[Supplied records — start]

lemma apply_swaps_acceptable:
  assumes I: "I \<subseteq> S"
  shows "C (Z I) = Z I"
proof (rule antisym)
  have incr: "increase_within U (Z I) (Z I)" unfolding increase_within_def by simp
  show "Z I \<le> C (Z I)"
    using apply_swaps_le_choice[OF I apply_swaps_inB[OF I] incr] by (simp add: le_fun_def)
  show "C (Z I) \<le> Z I" by (rule choice_fn_le[OF choice apply_swaps_inB[OF I]])
qed

lemma apply_swaps_uninteresting:
  assumes I: "I \<subseteq> S" and d: "d \<in> U"
  shows "\<not> interesting Ev b C (Z I) d"
proof
  assume "interesting Ev b C (Z I) d"
  then obtain z' where dEv: "d \<in> Ev" and z': "inB Ev b z'" and gt: "Z I d < z' d"
    and same: "\<forall>e\<in>Ev. e \<noteq> d \<longrightarrow> z' e = Z I e" and chosen: "Z I d < C z' d"
    unfolding interesting_def by blast
  have same': "z' e = Z I e" if "e \<noteq> d" for e
    using same that z' apply_swaps_inB[OF I] unfolding inB_def by (cases "e \<in> Ev") auto
  have incr: "increase_within U (Z I) z'"
    unfolding increase_within_def le_fun_def using same' gt d by (metis order.refl less_imp_le less_irrefl)
  have "vnorm Ev (Z I) < vnorm Ev (C z')"
    unfolding vnorm_def
  proof (rule sum_strict_mono_ex1[OF finite_Ev])
    show "\<forall>e\<in>Ev. Z I e \<le> C z' e"
    proof
      fix e
      show "Z I e \<le> C z' e"
      proof (cases "e = d")
        case True
        with chosen show ?thesis by simp
      next
        case False
        then show ?thesis by (rule apply_swaps_le_choice[OF I z' incr same'])
      qed
    qed
    show "\<exists>e\<in>Ev. Z I e < C z' e" using dEv chosen by blast
  qed
  also have "vnorm Ev (C z') \<le> vnorm Ev (C (sup y z'))"
    using choice_fn_size_mono[OF choice inB_sup[OF y_inB z'] z'] by simp
  also have "\<dots> = vnorm Ev (Z I)"
    using choice_sup_y_eq_y[OF I z' incr] vnorm_apply_swaps[OF I] by simp
  finally show False by simp
qed

lemma apply_swaps_insert:
  assumes j: "j \<in> S" "j \<notin> I" and I: "I \<subseteq> S"
  shows "shift (Z I) (a j) (c j) = Z (insert j I)"
proof
  fix e
  have "a j \<notin> a ` I" "c j \<notin> c ` I"
    using j I inj_on_image_mem_iff[OF inj_a] inj_on_image_mem_iff[OF inj_c] by auto
  moreover have "a ` insert j I \<inter> c ` insert j I = {}"
    using j I by (intro a_c_image_disjoint) auto
  ultimately show "shift (Z I) (a j) (c j) e = Z (insert j I) e"
    using c_pos[OF j(1)] by (cases "e = a j"; cases "e = c j") (auto simp: shift_def apply_swaps_def)
qed

lemma apply_swaps_eq_sum:
  assumes I: "I \<subseteq> S"
  shows "Z I e = nat (int (y e) + (\<Sum>i\<in>I. (if e = a i then 1 else 0) - (if e = c i then 1 else 0)))"
proof -
  have "finite I"
    using finite_imageD[OF finite_subset[OF _ finite_Ev] inj_on_subset[OF inj_a I]] I a_in_U U_subset
    by blast
  then have "(\<Sum>i\<in>I. (if e = a i then 1 else 0) - (if e = c i then 1 else 0))
      = (if e \<in> a ` I then 1 else 0) - (if e \<in> c ` I then (1::int) else 0)"
    by (simp add: sum_subtractf sum_indicator_eq_image inj_on_subset[OF inj_a I] inj_on_subset[OF inj_c I])
  then show ?thesis
    using a_c_image_disjoint[OF I I] c_pos I unfolding apply_swaps_def by auto
qed

end

lemma U_F_plus_below_capacity: "e \<in> U_F_plus E b CF x \<Longrightarrow> x e < b e"
  unfolding U_F_plus_def interesting_def inB_def restr_def by fastforce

[Supplied records — finish]

*Task instructions*:
Your task is to restate, word for word, the line with "by (simp add: sum_subtractf" and all lines after it, ending with the last line of the data.

*Written response*:
    by (simp add: sum_subtractf sum_indicator_eq_image inj_on_subset[OF inj_a I] inj_on_subset[OF inj_c I])
  then show ?thesis
    using a_c_image_disjoint[OF I I] c_pos I unfolding apply_swaps_def by auto
qed

end

lemma U_F_plus_below_capacity: "e \<in> U_F_plus E b CF x \<Longrightarrow> x e < b e"
  unfolding U_F_plus_def interesting_def inB_def restr_def by fastforce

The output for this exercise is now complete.